> _Problem description_:
State how many lines in the records below include the word "notin". Give nothing but that number.

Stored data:
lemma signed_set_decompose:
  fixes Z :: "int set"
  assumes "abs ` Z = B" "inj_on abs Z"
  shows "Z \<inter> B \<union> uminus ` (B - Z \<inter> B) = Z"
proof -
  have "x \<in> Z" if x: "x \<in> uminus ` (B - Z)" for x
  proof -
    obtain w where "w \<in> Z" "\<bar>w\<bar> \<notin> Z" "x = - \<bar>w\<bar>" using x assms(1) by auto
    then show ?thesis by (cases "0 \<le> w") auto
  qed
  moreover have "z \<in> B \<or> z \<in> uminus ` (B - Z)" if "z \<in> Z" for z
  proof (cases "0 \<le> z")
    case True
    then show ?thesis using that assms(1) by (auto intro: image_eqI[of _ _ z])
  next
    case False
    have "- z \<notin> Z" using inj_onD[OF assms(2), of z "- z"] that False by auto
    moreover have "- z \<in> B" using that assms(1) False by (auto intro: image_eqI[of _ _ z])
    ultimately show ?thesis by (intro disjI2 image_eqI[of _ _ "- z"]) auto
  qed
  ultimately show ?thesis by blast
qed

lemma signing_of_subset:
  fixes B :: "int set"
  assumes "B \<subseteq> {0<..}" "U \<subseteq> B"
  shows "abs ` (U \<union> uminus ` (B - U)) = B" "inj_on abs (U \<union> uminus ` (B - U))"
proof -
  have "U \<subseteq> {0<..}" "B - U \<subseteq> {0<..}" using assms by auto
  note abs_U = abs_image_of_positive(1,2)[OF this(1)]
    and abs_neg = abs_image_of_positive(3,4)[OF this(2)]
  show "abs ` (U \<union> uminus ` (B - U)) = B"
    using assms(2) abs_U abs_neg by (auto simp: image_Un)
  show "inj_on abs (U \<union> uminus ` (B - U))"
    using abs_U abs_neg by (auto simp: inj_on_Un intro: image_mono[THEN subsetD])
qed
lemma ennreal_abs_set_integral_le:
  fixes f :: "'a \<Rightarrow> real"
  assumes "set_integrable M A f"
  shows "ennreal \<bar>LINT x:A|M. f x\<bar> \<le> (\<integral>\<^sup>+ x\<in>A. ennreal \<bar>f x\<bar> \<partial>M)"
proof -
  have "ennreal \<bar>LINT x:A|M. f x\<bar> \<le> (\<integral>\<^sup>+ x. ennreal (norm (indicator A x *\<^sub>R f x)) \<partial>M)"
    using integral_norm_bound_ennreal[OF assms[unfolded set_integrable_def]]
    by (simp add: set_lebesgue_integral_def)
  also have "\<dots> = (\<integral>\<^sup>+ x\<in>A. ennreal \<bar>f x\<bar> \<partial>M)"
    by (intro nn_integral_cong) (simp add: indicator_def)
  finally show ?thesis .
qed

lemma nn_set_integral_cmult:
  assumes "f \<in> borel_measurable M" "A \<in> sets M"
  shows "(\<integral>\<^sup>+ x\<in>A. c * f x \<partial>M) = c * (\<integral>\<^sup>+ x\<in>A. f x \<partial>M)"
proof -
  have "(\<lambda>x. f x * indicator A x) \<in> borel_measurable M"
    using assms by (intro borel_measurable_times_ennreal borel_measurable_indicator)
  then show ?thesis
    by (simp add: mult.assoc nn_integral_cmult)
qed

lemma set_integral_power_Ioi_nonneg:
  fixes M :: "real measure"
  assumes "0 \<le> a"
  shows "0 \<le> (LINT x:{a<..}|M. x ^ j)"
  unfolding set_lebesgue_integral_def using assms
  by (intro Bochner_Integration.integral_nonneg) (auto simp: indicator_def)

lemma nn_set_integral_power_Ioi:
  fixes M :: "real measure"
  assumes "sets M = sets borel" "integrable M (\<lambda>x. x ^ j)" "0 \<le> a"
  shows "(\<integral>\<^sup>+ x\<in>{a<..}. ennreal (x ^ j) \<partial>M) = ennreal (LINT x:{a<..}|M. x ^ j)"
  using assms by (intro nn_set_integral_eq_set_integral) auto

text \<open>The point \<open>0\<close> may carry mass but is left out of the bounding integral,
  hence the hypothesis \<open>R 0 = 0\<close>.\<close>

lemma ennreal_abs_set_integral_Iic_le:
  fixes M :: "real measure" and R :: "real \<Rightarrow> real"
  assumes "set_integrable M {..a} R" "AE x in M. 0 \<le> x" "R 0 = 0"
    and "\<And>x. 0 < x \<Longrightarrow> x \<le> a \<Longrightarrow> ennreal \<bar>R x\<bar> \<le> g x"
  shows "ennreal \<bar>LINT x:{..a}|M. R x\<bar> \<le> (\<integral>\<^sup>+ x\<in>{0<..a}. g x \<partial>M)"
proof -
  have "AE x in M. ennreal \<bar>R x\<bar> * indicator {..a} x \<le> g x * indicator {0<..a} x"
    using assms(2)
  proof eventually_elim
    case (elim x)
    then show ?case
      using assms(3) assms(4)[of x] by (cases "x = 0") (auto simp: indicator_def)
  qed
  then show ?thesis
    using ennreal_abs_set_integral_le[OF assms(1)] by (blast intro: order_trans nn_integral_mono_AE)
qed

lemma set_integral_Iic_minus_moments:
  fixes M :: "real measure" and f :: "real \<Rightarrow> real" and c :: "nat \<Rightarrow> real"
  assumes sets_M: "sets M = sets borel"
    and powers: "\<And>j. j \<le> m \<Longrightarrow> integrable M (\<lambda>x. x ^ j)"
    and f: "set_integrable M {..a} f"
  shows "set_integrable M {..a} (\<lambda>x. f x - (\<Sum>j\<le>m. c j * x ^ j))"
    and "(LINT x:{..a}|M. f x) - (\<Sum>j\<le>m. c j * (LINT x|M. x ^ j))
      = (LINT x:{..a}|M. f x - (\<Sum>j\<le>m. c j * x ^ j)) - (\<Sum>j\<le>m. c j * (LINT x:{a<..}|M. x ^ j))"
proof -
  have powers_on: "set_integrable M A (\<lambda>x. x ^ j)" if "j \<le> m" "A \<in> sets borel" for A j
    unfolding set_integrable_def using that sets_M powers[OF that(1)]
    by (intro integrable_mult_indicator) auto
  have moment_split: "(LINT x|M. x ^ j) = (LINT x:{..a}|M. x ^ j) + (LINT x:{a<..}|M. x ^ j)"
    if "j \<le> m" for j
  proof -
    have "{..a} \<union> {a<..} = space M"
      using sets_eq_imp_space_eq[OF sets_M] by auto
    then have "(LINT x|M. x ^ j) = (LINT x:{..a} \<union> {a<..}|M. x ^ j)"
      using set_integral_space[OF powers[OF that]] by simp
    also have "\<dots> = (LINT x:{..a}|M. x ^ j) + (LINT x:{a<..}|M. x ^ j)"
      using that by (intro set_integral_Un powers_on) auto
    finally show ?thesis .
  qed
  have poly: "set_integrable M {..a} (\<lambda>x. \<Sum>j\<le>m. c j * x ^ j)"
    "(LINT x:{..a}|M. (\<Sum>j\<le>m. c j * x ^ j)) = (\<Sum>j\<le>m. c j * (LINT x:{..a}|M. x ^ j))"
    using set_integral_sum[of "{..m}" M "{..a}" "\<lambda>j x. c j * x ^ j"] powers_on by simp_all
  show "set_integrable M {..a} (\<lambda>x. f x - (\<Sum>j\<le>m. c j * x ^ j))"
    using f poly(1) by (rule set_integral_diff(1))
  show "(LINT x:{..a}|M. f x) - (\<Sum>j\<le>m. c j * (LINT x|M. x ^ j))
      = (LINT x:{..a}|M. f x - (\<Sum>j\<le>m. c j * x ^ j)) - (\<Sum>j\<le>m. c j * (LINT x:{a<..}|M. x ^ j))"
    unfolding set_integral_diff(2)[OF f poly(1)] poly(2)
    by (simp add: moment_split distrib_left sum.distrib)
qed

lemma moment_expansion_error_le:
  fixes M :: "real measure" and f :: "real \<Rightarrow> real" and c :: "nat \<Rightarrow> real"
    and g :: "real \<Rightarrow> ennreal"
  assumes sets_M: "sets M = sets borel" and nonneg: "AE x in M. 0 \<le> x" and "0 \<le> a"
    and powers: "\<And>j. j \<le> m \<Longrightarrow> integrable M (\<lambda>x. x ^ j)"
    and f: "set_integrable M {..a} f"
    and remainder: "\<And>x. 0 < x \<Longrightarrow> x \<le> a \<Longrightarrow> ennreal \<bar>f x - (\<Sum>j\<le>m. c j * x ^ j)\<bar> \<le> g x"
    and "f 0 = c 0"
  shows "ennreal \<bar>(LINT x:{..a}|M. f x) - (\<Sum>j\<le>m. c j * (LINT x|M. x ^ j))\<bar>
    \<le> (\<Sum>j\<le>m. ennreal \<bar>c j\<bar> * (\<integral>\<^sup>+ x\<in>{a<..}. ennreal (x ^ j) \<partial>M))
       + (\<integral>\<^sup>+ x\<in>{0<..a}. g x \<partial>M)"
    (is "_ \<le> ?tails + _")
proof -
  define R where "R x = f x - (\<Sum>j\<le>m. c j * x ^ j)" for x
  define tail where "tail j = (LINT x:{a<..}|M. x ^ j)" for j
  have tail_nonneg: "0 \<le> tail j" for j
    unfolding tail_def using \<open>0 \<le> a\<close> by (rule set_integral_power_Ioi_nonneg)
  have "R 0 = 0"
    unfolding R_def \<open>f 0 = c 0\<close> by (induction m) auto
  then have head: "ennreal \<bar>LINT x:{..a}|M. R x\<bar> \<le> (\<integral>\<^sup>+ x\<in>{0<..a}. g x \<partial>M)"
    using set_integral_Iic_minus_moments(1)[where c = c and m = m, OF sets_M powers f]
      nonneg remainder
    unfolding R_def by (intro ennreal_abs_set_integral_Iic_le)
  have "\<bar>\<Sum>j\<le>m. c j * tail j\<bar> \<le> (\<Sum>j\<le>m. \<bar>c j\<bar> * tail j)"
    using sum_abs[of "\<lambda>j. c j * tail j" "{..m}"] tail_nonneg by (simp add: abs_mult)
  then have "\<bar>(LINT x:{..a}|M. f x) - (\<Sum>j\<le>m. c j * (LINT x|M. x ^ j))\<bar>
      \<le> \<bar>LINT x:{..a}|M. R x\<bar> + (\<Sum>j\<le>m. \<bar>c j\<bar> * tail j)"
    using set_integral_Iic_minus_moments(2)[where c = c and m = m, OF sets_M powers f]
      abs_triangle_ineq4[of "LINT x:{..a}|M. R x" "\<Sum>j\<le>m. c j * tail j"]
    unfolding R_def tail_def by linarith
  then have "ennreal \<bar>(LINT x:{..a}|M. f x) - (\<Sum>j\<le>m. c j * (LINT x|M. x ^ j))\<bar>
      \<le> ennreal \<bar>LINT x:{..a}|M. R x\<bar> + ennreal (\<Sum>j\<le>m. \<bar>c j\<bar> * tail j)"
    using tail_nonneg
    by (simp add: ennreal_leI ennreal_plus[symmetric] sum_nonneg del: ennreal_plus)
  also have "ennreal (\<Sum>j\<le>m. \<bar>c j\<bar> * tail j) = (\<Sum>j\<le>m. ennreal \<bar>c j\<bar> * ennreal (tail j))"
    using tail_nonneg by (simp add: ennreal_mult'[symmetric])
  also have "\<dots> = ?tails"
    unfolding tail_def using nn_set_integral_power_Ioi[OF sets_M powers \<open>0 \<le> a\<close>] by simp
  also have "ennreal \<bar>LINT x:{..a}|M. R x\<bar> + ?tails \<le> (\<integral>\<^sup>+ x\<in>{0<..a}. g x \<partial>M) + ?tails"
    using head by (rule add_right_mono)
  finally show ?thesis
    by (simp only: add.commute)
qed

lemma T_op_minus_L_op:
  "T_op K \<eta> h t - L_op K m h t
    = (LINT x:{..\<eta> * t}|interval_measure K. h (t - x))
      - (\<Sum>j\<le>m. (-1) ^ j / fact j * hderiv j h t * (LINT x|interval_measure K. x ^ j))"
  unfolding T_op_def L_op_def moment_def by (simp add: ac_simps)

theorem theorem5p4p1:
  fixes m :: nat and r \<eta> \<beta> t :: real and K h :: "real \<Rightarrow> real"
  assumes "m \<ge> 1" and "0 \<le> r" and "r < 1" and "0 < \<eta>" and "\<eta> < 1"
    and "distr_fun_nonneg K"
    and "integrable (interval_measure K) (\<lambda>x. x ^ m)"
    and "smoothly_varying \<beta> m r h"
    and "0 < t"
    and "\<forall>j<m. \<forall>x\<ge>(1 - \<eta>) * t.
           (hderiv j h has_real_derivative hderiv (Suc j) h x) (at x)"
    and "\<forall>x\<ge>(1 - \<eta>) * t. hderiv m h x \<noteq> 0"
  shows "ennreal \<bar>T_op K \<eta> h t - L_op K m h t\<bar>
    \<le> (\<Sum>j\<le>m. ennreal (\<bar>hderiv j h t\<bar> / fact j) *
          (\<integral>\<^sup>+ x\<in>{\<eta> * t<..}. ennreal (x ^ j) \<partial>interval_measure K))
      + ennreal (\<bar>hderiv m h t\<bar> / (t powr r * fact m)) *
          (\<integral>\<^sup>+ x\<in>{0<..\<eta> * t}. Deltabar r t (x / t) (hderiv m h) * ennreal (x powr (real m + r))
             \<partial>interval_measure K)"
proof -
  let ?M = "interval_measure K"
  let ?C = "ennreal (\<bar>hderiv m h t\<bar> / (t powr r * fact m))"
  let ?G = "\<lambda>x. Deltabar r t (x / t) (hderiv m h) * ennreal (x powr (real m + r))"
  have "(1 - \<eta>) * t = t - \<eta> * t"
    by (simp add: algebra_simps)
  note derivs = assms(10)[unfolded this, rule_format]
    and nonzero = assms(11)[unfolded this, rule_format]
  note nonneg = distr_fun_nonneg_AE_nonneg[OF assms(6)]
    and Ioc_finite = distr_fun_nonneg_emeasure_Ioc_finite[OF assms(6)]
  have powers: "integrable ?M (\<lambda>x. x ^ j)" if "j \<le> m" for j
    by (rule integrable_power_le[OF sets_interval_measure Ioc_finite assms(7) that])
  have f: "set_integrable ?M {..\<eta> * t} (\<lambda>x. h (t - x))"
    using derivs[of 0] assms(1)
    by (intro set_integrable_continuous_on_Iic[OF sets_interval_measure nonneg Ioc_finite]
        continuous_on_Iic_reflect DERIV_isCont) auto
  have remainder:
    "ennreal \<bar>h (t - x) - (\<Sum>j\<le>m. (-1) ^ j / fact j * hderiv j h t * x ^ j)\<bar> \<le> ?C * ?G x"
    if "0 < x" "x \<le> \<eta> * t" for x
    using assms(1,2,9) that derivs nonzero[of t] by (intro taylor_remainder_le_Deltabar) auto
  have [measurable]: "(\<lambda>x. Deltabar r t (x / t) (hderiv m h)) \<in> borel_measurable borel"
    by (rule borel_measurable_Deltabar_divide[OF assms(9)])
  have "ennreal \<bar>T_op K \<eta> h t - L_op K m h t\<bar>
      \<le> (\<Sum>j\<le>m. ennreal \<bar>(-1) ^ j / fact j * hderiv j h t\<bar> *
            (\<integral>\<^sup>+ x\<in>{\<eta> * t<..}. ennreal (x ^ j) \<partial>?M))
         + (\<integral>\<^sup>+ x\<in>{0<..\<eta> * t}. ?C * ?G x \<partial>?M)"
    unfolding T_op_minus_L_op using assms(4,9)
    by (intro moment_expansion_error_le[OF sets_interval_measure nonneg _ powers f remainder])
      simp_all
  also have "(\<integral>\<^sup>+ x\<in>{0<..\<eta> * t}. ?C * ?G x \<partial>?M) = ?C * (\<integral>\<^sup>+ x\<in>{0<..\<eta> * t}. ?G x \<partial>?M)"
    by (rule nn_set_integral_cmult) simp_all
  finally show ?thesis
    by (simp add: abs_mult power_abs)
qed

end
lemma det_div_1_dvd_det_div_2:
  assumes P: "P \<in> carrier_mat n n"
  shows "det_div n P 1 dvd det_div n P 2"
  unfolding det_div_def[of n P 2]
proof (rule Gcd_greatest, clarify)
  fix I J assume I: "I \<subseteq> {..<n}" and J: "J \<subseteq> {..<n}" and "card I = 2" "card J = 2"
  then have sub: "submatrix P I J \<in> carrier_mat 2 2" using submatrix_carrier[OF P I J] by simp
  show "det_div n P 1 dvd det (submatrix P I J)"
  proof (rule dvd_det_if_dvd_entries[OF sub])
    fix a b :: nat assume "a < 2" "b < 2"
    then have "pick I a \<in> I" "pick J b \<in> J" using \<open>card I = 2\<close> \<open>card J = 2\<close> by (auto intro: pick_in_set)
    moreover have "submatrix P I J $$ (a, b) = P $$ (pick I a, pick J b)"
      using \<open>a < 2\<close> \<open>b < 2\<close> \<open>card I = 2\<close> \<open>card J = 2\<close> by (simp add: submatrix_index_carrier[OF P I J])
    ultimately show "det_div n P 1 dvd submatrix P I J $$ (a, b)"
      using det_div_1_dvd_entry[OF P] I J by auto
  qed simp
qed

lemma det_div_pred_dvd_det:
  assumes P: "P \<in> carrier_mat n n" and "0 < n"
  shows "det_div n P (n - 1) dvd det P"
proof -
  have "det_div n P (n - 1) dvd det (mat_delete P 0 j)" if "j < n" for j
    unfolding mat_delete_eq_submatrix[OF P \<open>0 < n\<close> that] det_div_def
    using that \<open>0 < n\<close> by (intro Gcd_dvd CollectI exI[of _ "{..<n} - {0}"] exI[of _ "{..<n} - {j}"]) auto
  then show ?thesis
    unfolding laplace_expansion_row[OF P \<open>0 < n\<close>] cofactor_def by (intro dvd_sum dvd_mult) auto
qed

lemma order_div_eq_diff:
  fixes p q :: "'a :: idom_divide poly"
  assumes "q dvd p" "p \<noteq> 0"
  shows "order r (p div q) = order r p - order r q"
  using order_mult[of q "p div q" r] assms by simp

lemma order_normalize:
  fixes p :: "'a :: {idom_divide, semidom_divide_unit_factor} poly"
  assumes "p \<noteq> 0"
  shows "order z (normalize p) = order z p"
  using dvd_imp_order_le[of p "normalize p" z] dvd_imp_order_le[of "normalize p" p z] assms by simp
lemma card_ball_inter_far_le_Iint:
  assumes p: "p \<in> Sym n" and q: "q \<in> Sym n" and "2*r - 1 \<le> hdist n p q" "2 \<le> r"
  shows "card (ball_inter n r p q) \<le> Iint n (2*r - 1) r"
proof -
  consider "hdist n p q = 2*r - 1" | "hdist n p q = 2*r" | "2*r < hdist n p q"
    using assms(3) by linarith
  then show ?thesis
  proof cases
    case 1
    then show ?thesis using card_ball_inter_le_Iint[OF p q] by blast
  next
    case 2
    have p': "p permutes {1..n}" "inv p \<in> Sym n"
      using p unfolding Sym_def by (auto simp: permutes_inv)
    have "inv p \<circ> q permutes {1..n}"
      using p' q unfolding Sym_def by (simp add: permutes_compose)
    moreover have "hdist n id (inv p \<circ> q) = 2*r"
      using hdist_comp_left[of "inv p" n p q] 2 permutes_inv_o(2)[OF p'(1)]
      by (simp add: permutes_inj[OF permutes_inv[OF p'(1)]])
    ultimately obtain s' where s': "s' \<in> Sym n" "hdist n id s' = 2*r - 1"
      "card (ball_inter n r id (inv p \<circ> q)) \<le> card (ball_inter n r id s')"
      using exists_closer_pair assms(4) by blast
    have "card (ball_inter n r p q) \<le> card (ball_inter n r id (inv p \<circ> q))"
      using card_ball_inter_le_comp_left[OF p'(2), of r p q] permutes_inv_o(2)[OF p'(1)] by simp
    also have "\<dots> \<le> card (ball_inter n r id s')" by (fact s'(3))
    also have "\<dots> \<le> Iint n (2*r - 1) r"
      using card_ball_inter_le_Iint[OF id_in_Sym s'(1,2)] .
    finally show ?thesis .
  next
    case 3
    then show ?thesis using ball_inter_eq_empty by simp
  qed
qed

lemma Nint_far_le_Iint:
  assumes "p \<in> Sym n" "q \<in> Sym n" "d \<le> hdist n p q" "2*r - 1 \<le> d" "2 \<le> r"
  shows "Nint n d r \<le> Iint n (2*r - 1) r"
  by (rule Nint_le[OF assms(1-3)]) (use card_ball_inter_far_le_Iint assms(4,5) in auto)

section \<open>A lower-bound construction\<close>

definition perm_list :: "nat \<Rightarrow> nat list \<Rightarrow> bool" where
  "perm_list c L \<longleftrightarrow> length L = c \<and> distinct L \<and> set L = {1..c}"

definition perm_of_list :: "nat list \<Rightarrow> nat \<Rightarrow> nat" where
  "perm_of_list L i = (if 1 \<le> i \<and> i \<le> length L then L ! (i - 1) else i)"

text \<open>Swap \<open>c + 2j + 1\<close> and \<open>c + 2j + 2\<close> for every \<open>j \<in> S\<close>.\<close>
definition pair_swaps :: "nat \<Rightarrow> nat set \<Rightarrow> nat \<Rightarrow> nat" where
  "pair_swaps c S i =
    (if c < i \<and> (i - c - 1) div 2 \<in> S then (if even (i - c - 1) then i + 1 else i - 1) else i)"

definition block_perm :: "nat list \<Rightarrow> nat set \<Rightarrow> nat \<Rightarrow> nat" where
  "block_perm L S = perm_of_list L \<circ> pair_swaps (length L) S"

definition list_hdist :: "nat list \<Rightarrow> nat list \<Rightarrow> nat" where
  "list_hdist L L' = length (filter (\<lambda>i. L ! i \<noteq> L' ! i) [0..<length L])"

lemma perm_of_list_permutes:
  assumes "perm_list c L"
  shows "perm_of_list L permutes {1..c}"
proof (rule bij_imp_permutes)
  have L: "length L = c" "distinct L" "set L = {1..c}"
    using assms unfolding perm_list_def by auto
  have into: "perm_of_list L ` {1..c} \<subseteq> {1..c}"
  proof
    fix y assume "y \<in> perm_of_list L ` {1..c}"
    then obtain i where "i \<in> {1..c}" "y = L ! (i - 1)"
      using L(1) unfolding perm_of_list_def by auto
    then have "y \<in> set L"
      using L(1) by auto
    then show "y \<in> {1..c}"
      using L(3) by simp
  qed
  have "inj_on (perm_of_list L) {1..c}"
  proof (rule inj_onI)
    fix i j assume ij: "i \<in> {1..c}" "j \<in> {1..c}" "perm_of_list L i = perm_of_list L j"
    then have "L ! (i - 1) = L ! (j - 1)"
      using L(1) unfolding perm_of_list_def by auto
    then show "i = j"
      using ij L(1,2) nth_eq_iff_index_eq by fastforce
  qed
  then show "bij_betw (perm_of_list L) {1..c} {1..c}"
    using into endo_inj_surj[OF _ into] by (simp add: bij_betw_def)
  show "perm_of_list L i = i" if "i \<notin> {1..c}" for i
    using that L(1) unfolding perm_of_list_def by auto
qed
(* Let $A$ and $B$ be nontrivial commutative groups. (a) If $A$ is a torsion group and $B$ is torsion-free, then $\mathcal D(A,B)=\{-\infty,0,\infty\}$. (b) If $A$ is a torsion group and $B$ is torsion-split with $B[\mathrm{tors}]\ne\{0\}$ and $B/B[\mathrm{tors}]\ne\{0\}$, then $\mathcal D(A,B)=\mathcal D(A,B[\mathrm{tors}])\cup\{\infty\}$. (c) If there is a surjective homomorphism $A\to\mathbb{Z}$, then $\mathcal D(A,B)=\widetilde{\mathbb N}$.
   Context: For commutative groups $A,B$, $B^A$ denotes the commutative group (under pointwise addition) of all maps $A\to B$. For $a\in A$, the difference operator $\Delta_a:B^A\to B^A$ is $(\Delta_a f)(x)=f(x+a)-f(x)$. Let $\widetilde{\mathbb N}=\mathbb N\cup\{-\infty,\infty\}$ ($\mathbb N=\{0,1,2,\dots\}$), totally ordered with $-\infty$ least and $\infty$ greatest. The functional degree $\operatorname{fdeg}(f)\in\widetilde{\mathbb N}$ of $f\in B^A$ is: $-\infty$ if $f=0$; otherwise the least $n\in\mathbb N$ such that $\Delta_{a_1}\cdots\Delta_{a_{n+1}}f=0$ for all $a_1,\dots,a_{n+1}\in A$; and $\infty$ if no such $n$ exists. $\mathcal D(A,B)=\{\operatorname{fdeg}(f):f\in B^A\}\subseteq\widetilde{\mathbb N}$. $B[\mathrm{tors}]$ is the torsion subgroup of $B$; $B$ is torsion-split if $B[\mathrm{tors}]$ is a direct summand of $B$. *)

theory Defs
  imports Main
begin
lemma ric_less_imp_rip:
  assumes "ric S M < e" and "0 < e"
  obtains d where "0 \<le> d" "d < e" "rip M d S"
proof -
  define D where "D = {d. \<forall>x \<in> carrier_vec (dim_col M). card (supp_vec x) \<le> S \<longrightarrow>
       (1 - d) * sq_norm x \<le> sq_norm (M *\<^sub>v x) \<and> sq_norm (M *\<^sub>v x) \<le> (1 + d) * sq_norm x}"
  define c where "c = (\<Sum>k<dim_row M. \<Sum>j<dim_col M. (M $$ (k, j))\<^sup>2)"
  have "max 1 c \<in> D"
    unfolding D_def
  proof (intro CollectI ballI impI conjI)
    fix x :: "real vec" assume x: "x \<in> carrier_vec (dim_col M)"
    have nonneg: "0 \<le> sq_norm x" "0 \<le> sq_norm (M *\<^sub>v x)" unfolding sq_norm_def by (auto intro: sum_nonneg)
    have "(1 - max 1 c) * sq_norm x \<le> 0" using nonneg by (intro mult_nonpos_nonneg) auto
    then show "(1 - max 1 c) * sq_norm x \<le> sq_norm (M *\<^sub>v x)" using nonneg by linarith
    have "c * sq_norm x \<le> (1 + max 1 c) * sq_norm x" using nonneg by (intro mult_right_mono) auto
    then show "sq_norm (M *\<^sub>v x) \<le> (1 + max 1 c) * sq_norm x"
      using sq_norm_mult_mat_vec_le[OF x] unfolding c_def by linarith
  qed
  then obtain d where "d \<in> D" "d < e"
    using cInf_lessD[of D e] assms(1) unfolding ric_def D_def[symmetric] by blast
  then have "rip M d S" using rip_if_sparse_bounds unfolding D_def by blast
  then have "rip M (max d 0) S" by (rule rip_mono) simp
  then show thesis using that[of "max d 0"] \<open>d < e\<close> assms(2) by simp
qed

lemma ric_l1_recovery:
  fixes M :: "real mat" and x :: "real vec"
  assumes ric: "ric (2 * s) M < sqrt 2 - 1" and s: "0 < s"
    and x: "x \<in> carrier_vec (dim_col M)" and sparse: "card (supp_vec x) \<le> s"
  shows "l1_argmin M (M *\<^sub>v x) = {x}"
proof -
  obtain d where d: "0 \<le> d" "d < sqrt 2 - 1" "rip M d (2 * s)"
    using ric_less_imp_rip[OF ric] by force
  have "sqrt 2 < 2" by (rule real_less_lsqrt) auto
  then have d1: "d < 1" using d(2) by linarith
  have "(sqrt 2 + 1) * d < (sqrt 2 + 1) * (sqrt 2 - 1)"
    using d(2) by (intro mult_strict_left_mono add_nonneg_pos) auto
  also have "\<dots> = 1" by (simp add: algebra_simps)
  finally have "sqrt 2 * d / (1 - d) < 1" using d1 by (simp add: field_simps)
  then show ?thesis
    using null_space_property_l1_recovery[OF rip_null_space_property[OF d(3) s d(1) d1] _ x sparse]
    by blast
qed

> _Answer box_:
3